Domain 4 · Domain 4 Study Guide: Prompt Engineering & Structured Output

✗Asking for "JSON only, no other text" in the prose prompt and parsing the text block. Wrong: the model can still add fences, a preamble, or trailing commentary; tool_use + forced tool_choice is the API-enforced way to get clean structure.
✗Believing a strict JSON Schema guarantees the values are correct. Wrong: a schema only enforces types/presence/enums; a string field can still hold the wrong string. Correctness needs validation, not a tighter schema.
✗Reading structured output from a text content block instead of the tool_use block’s input field. Wrong: when stop_reason is tool_use, the parsed data is in the tool_use input, not in text.
✗Re-running the exact same prompt on validation failure without telling the model what went wrong. Wrong: blind retries waste tokens; passing the concrete error back lets the model correct the specific field.
✗Using the Message Batches API for interactive, user-facing requests to "save money." Wrong: batches are asynchronous with up-to-24h turnaround — fine for offline jobs, unacceptable for real-time latency.
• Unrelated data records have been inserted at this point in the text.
text \<open>A \<open>p\<close>-subgroup \<open>H\<close> lies in every \<open>H\<^sup>~\<close>: it is conjugate into \<open>H\<^sup>~\<close> by an element of
  \<open>H C\<^sub>G(H)\<close>, which normalizes \<open>H\<close>.\<close>
lemma tilde_contains:
  assumes fin: "finite (carrier G)" and p: "Factorial_Ring.prime (p::nat)"
    and H: "p_subgroup G p H" and S: "is_tilde G p H S"
  shows "H \<subseteq> S"
proof -
  define K where "K = H <#> centralizer G H"
  have Hs: "subgroup H G" using H unfolding p_subgroup_def by blast
  obtain n where n: "card H = p ^ n" using H unfolding p_subgroup_def by blast
  have K: "subgroup K G" unfolding K_def using centralizer_mult_subgroup[OF Hs] .
  have SG: "subgroup S G" and SK: "S \<subseteq> K" and nd: "\<not> p dvd (card K div card S)"
    using is_tildeD[OF S] by (simp_all add: K_def)
  have HK: "H \<subseteq> K" unfolding K_def using subgroup_subset_mult_centralizer[OF Hs] .
  obtain x where x: "x \<in> K" and cj: "\<forall>y\<in>H. x \<otimes> y \<otimes> inv x \<in> S"
    using sylow_conj[OF fin p K SG SK nd Hs HK n] by blast
  show ?thesis
  proof
    fix y assume y: "y \<in> H"
    have xc: "x \<in> carrier G" using subgroup.mem_carrier[OF K x] .
    have yc: "y \<in> carrier G" using subgroup.mem_carrier[OF Hs y] .
    have ix: "inv x \<in> K" using subgroup.m_inv_closed[OF K x] .
    have "inv x \<otimes> y \<otimes> inv (inv x) \<in> H" using conj_in_HC[OF Hs ix[unfolded K_def] y] .
    then have z: "inv x \<otimes> y \<otimes> x \<in> H" using xc by simp
    have "x \<otimes> (inv x \<otimes> y \<otimes> x) \<otimes> inv x \<in> S" using cj z by blast
    moreover have "x \<otimes> (inv x \<otimes> y \<otimes> x) \<otimes> inv x = y" using xc yc by (simp add: m_assoc)
    ultimately show "y \<in> S" by simp
  qed
qed

text \<open>\<open>H\<^sup>~\<close> is \<open>p\<close>-centric: \<open>H\<^sup>~ C\<^sub>G(H\<^sup>~)\<close> lies in \<open>H C\<^sub>G(H)\<close>, in which \<open>H\<^sup>~\<close> has
  index prime to \<open>p\<close>.\<close>
lemma tilde_centric:
  assumes fin: "finite (carrier G)" and p: "Factorial_Ring.prime (p::nat)"
    and H: "p_subgroup G p H" and S: "is_tilde G p H S"
  shows "\<not> p dvd cz_order G S"
proof
  assume pd: "p dvd cz_order G S"
  define K where "K = H <#> centralizer G H"
  have Hs: "subgroup H G" using H unfolding p_subgroup_def by blast
  have K: "subgroup K G" unfolding K_def using centralizer_mult_subgroup[OF Hs] .
  have SG: "subgroup S G" and SK: "S \<subseteq> K" and nd: "\<not> p dvd (card K div card S)"
    using is_tildeD[OF S] by (simp_all add: K_def)
  have HS: "H \<subseteq> S" using tilde_contains[OF fin p H S] .
  have Sc: "S \<subseteq> carrier G" using SG subgroup.subset by auto
  define SC where "SC = S <#> centralizer G S"
  have SCg: "subgroup SC G" unfolding SC_def using centralizer_mult_subgroup[OF SG] .
  have one_cH: "\<one> \<in> H" using subgroup.one_closed[OF Hs] .
  have SCK: "SC \<subseteq> K"
  proof
    fix z assume "z \<in> SC"
    then obtain s c where s: "s \<in> S" and c: "c \<in> centralizer G S" and z: "z = s \<otimes> c"
      unfolding SC_def by (rule set_mult_memE)
    have cc: "c \<in> carrier G" using c unfolding centralizer_def by blast
    have "c \<in> centralizer G H" using c HS unfolding centralizer_def by blast
    moreover have "c = \<one> \<otimes> c" using cc by simp
    ultimately have cK: "c \<in> K" unfolding K_def by (rule set_mult_memI[OF one_cH])
    have sK: "s \<in> K" using s SK by blast
    show "z \<in> K" using z subgroup.m_closed[OF K sK cK] by simp
  qed
  have c1: "card SC = card S * cz_order G S" unfolding SC_def using cz_formula[OF fin SG] .
  have d1: "card SC dvd card K" using subgroup_card_dvd[OF fin SCg K SCK] .
  have d2: "card S dvd card K" using subgroup_card_dvd[OF fin SG K SK] .
  have finS: "finite S" using fin Sc finite_subset by blast
  have pos: "card S > 0" using finS subgroup.one_closed[OF SG] card_gt_0_iff by blast
  have "card K = card S * (card K div card S)" using d2 by simp
  then have "card S * cz_order G S dvd card S * (card K div card S)" using d1 c1 by metis
  then have "cz_order G S dvd card K div card S" using pos by simp
  then have "p dvd card K div card S" using pd dvd_trans by blast
  then show False using nd by simp
qed

lemma tilde_equation:
  assumes fin: "finite (carrier G)" and H: "subgroup H G" and S: "is_tilde G p H S"
  shows "card H * cz_order G H = card S * (card (H <#> centralizer G H) div card S)"
proof -
  define K where "K = H <#> centralizer G H"
  have K: "subgroup K G" unfolding K_def using centralizer_mult_subgroup[OF H] .
  have SG: "subgroup S G" and SK: "S \<subseteq> K" using is_tildeD[OF S] by (simp_all add: K_def)
  have "card S dvd card K" using subgroup_card_dvd[OF fin SG K SK] .
  then have "card K = card S * (card K div card S)" by simp
  then show ?thesis using cz_formula[OF fin H] unfolding K_def by simp
qed

lemma arising_lt:
  assumes fin: "finite (carrier G)" and p: "Factorial_Ring.prime (p::nat)"
    and A: "arising G p H" and S: "is_tilde G p H S"
  shows "card H < card S"
proof -
  have H: "subgroup H G" and a: "\<exists>a. card H = p ^ a" and pd: "p dvd cz_order G H"
    using A unfolding arising_def p_subgroup_def by blast+
  obtain a where a: "card H = p ^ a" using a by blast
  obtain b where b: "card S = p ^ b" using is_tildeD(3)[OF S] by blast
  have "a < b"
    using prime_power_cofactor_lt[OF p _ is_tildeD(4)[OF S] pd] tilde_equation[OF fin H S] a b by metis
  then show ?thesis using a b p prime_gt_1_nat power_strict_increasing_iff by metis
qed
✗Having the same Claude call generate output AND grade its own output in one pass. Wrong: self-grading in-context rubber-stamps errors; high-stakes review needs an independent reviewer instance (LLM-as-judge).
✗Piling on more natural-language instructions to fix inconsistent formatting instead of adding few-shot examples. Wrong: for format/edge-case control, demonstrating with examples is more reliable than describing.
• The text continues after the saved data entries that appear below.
lemma coupling_eq_zero:
  assumes X: "X \<in> carrier_mat n q" and L: "L \<in> carrier_mat q q"
    and invariant: "invariant_pair M D K X L"
    and disjoint: "spectrum Lc \<inter> spectrum ((e1 * e2) \<cdot>\<^sub>m st L) = {}"
  shows "coupling X L = 0\<^sub>m p q"
proof -
  define W where "W = coupling X L"
  have W: "W \<in> carrier_mat p q"
    using X L unfolding W_def coupling_def by auto
  have "st (W * L) = st ((e1 * e2) \<cdot>\<^sub>m (st Lc * W))"
    using coupling_sylvester[OF X L invariant] unfolding W_def by simp
  then have eq: "(e1 * e2) \<cdot>\<^sub>m st L * st W = st W * Lc"
    using W L by (simp add: st_mult st_smult mat_normalize mult_ac)
  have disjoint': "spectrum ((e1 * e2) \<cdot>\<^sub>m st L) \<inter> spectrum Lc = {}"
    using disjoint by (simp only: Int_commute)
  have "(e1 * e2) \<cdot>\<^sub>m st L \<in> carrier_mat q q" "st W \<in> carrier_mat q p"
    using W L by auto
  from sylvester_eq_zero[OF this(1) Lc this(2) eq disjoint']
  have "st W = 0\<^sub>m q p" .
  then have "st (st W) = 0\<^sub>m p q"
    by simp
  then show ?thesis
    unfolding W_def by simp
qed

lemma invariant_pair_delta_preserved:
  assumes X: "X \<in> carrier_mat n q" and L: "L \<in> carrier_mat q q" and Z: "Z \<in> carrier_mat p p"
    and invariant: "invariant_pair M D K X L"
    and disjoint: "spectrum Lc \<inter> spectrum ((e1 * e2) \<cdot>\<^sub>m st L) = {}"
  shows "invariant_pair (M + delta_M Z) (D + delta_D Z) (K + delta_K Z) X L"
  using invariant carrier_matD[OF X] carrier_matD[OF L] carrier_matD[OF Z]
  unfolding invariant_pair_def quad_eval_delta[OF X L Z] coupling_eq_zero[OF X L invariant disjoint]
  by simp

lemma invariant_pair_delta_assigned:
  assumes La: "La \<in> carrier_mat p p" and Z: "Z \<in> carrier_mat p p"
    and assign: "Z * coupling Xc La = Lc - La"
  shows "invariant_pair (M + delta_M Z) (D + delta_D Z) (K + delta_K Z) Xc La"
proof -
  note dims_La_Z[simp] = carrier_matD[OF La] carrier_matD[OF Z]
  define Dl where "Dl = Lc - La"
  have Lc_eq: "Lc = La + Dl"
    unfolding Dl_def by (rule eq_matI) simp_all
  have "quad_eval (M + delta_M Z) (D + delta_D Z) (K + delta_K Z) Xc La
      = quad_eval M D K Xc La + M * Xc * (Z * coupling Xc La) * La
        + (M * Xc * Lc + D * Xc) * (Z * coupling Xc La)"
    unfolding quad_eval_delta[OF Xc La Z] by (simp add: mat_normalize coupling_def)
  also have "\<dots> = quad_eval M D K Xc (La + Dl)"
    unfolding assign Dl_def[symmetric] by (subst Lc_eq) (simp add: quad_eval_def mat_normalize Dl_def)
  also have "\<dots> = 0\<^sub>m n p"
    using invariant_Xc_Lc unfolding Lc_eq invariant_pair_def by (simp add: Dl_def)
  finally show ?thesis
    unfolding invariant_pair_def by simp
qed

lemma st_coupling_self: "st (coupling Xc Lc) = e2 \<cdot>\<^sub>m coupling Xc Lc"
  unfolding coupling_def by (simp add: mat_normalize st_mult st_add st_smult symM symD mult_ac)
✗Setting tool_choice to "auto" when you require structured output, then being surprised the model replied with prose. Wrong: auto lets the model skip the tool; force the specific tool when output must be structured.

Domain 5 · Domain 5 Study Guide: Context Management & Reliability

✗"Just use the 200K context window so the model remembers everything." Wrong — recall is U-shaped (lost-in-the-middle); a large window is capacity, not a recall guarantee, and middle content is the least reliable.
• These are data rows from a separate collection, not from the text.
lemma strict_mono_tilted_mean:
  assumes "2 \<le> t"
  shows "strict_mono (tilted_mean t)"
proof -
  have "tilted_mean t = (\<lambda>y. (\<Sum>k\<in>{1..t}. real k * (inverse (d k) * exp (real k * y)))
                               / (\<Sum>k\<in>{1..t}. inverse (d k) * exp (real k * y)))"
    by (simp add: fun_eq_iff tilted_mean_def partition_fn_def divide_inverse ac_simps)
  then show ?thesis
    using assms
    by (simp only:) (intro strict_mono_tilted_average[where i = 1 and j = 2], auto simp: d_pos)
qed

lemma y_t_eqI:
  assumes "2 \<le> t" and eqs: "xy_eqs t \<rho> x y"
  shows "y_t t \<rho> = y"
proof -
  have "xy t \<rho> = (x, y)"
    unfolding xy_def
  proof (rule the_equality)
    fix p
    assume "xy_eqs t \<rho> (fst p) (snd p)"
    then have "tilted_mean t (snd p) = tilted_mean t y"
      and "fst p = - ln (partition_fn t (snd p))" "x = - ln (partition_fn t y)"
      using eqs assms(1) by (simp_all add: xy_eqs_iff_tilted_mean)
    moreover from this(1) have "snd p = y"
      using strict_mono_eq[OF strict_mono_tilted_mean[OF assms(1)]] by simp
    ultimately show "p = (x, y)"
      by (simp add: prod_eq_iff)
  qed (simp add: eqs)
  then show ?thesis
    by (simp add: y_t_def)
qed

lemma continuous_on_tilted_mean:
  assumes "1 \<le> t"
  shows "continuous_on S (tilted_mean t)"
proof -
  have "continuous_on S (partition_fn t)"
    unfolding partition_fn_def by (intro continuous_intros) (simp add: d_nonzero)
  moreover have "partition_fn t y \<noteq> 0" for y
    using partition_fn_pos[OF assms, of y] by simp
  ultimately show ?thesis
    unfolding tilted_mean_def by (intro continuous_intros) (auto simp: d_nonzero)
qed

lemma exists_tilted_mean_eq:
  assumes "1 \<le> t" "3/2 \<le> \<rho>" "\<rho> < real t"
  shows "\<exists>y. tilted_mean t y = \<rho>"
proof -
  have eqs: "xy_eqs t (tilted_mean t y) (- ln (partition_fn t y)) y" for y
    using xy_eqs_iff_tilted_mean[OF assms(1)] by simp
  define y1 :: real where "y1 = - ln 4"
  define y2 where "y2 = ln (2 * real t * 2 ^ t / (real t - \<rho>))"
  have "tilted_mean t y1 \<le> \<rho>"
    using mean_le_of_exp_le_one[OF eqs, of y1] assms(2) by (simp add: y1_def exp_minus)
  have "(1::real) \<le> 2 * 2 ^ t"
    using one_le_power[of "2::real" "Suc t"] by simp
  then have "real t * 1 \<le> real t * (2 * 2 ^ t)"
    by (intro mult_left_mono) auto
  then have "real t - \<rho> \<le> 2 * real t * 2 ^ t"
    using assms by linarith
  then have "1 \<le> 2 * real t * 2 ^ t / (real t - \<rho>)"
    using assms by simp
  then have "0 \<le> y2"
    unfolding y2_def by (rule ln_ge_zero)
  then have "y1 \<le> y2"
    unfolding y1_def using ln_ge_zero[of "4::real"] by linarith
  have "(real t - tilted_mean t y2) * exp y2 \<le> 2 * real t * 2 ^ t"
    by (rule gap_mult_exp_le[OF eqs])
  then have "\<rho> \<le> tilted_mean t y2"
    using \<open>1 \<le> 2 * real t * 2 ^ t / (real t - \<rho>)\<close> assms by (simp add: y2_def field_simps)
  then show ?thesis
    using IVT'[of "tilted_mean t" y1 \<rho> y2] \<open>tilted_mean t y1 \<le> \<rho>\<close> \<open>y1 \<le> y2\<close>
      continuous_on_tilted_mean[OF assms(1)] by blast
qed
✗Swallowing a tool failure and returning a default value or empty result. Wrong — it erases the distinction between "could not access" and "genuinely empty," causing the agent to act confidently on a false premise.
✗Summarizing aggressively to save tokens as the first move. Wrong — summarization is lossy and errors compound across passes; lossless trimming and subagent delegation should come first, with durable facts kept on disk.
✗Putting a timestamp, request ID, or the latest user turn near the top of the prompt to "give the model fresh context." Wrong — volatile content high in the tools->system->messages prefix invalidates the entire prompt cache.
✗Assuming caching is active without checking. Wrong — below the minimum cacheable length it silently no-ops with no error; you must confirm via cache_read_input_tokens. A changing prefix keeps reads at 0.
✗Random-sampling outputs for quality review in a high-volume pipeline. Wrong — random sampling under-represents rare, high-risk cases; use stratified sampling that over-samples risky strata.
✗Using the Message Batches API as a blocking approval gate before a high-stakes action. Wrong — batches are asynchronous and not real-time; high-stakes/irreversible actions need a synchronous human-in-the-loop gate.
✗Storing long-running agent state in the conversation history and expecting it to survive. Wrong — the window is compacted/reset and isolated per subagent; resumable state must be persisted to files (JSON snapshot) with idempotent resume.